I teach Nietzsche to my college students, having them read various Nietzsche selections. I’m not worried that they will become killers as a result of their reading.
Blessings,
John Piippo
Could a Nietzschean philosophy support what happened? If all you mean by support is that it could give a rational justification to what happened, I think you are wrong in supposing it could if it were really Nietzsche--could someone think that his reading of Nietzsche supported it?, sure, just as people can think that their reading of the Old and New Testaments supports bombing bars in populated areas; Christ, after all, came not to bring peace, but the sword-- but in that case you are not claiming that it would have had a (direct) causal relationship to the shooting spree. It still seems that you are giving some causal power to the ideas you take the killer to perhaps have gleaned from Nietzsche; action causation is, of course, a terribly complicated matter, and it does seem that your worries about Nietzsche are only justified if you think his works could have some causal role in immoral and evil action.

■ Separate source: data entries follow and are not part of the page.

lemma double_star_labelling:
  assumes sg: "simple_graph V E" and cf: "cycle_free V E" and ds: "double_star V E x y"
    and a: "card (neighbours V E x - {y}) = a" and b: "card (neighbours V E y - {x}) = b"
  obtains f :: "'a \<Rightarrow> nat" where "f x = 0" "f y = 1"
    "f ` (neighbours V E x - {y}) = {2..a + 1}" "f ` (neighbours V E y - {x}) = {a + 2..a + b + 1}"
proof -
  define Lx where "Lx = neighbours V E x - {y}"
  define Ly where "Ly = neighbours V E y - {x}"
  have disj: "x \<notin> Lx \<union> Ly" "y \<notin> Lx \<union> Ly" "x \<noteq> y" "Lx \<inter> Ly = {}"
    using double_star_centres_notin_leaves[OF sg cf ds] double_star_centres(3)[OF sg cf ds]
      double_star_leaves_disjoint[OF sg cf ds]
    unfolding Lx_def Ly_def by auto
  have fin: "finite Lx" "finite Ly" using finite_double_star_leaves[OF sg cf ds] unfolding Lx_def Ly_def .
  have "card Lx = card {2..a + 1}" "card Ly = card {a + 2..a + b + 1}"
    using a b unfolding Lx_def Ly_def by simp_all
  then obtain g1 g2 where g1: "bij_betw g1 Lx {2..a + 1}" and g2: "bij_betw g2 Ly {a + 2..a + b + 1}"
    using finite_same_card_bij[OF fin(1) finite_atLeastAtMost] finite_same_card_bij[OF fin(2) finite_atLeastAtMost]
    by blast
  define f where "f v = (if v = x then 0 else if v = y then 1 else if v \<in> Lx then g1 v else g2 v)" for v
  have "f ` Lx = g1 ` Lx" using disj unfolding f_def by (intro image_cong) auto
  moreover have "f ` Ly = g2 ` Ly" using disj unfolding f_def by (intro image_cong) auto
  ultimately have "f ` Lx = {2..a + 1}" "f ` Ly = {a + 2..a + b + 1}"
    using g1 g2 unfolding bij_betw_def by simp_all
  moreover have "f x = 0" "f y = 1" using disj(3) unfolding f_def by simp_all
  ultimately show ?thesis using that unfolding Lx_def Ly_def by blast
qed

Otherwise, why the worry? (I am troubled with the number of counterfactuals floating around, but that is a more general problem with how ever to evaluate counterfactual claims.) So, insofar as I misrepresented or misunderstood your claim, I am in the wrong. But, if you are saying that Nietzsche does support killing sprees of the sort that took place at NIU, I will hold out for saying that you are just wrong about that. And, if you are saying merely that someone might interpret him to be supporting that, that is pretty close to a vacuous claim. People interpret texts and thinkers in all sorts of ways that are not in fact supported by the text. And, as someone who cares as deeply about Scripture as you do, surely you must agree with that.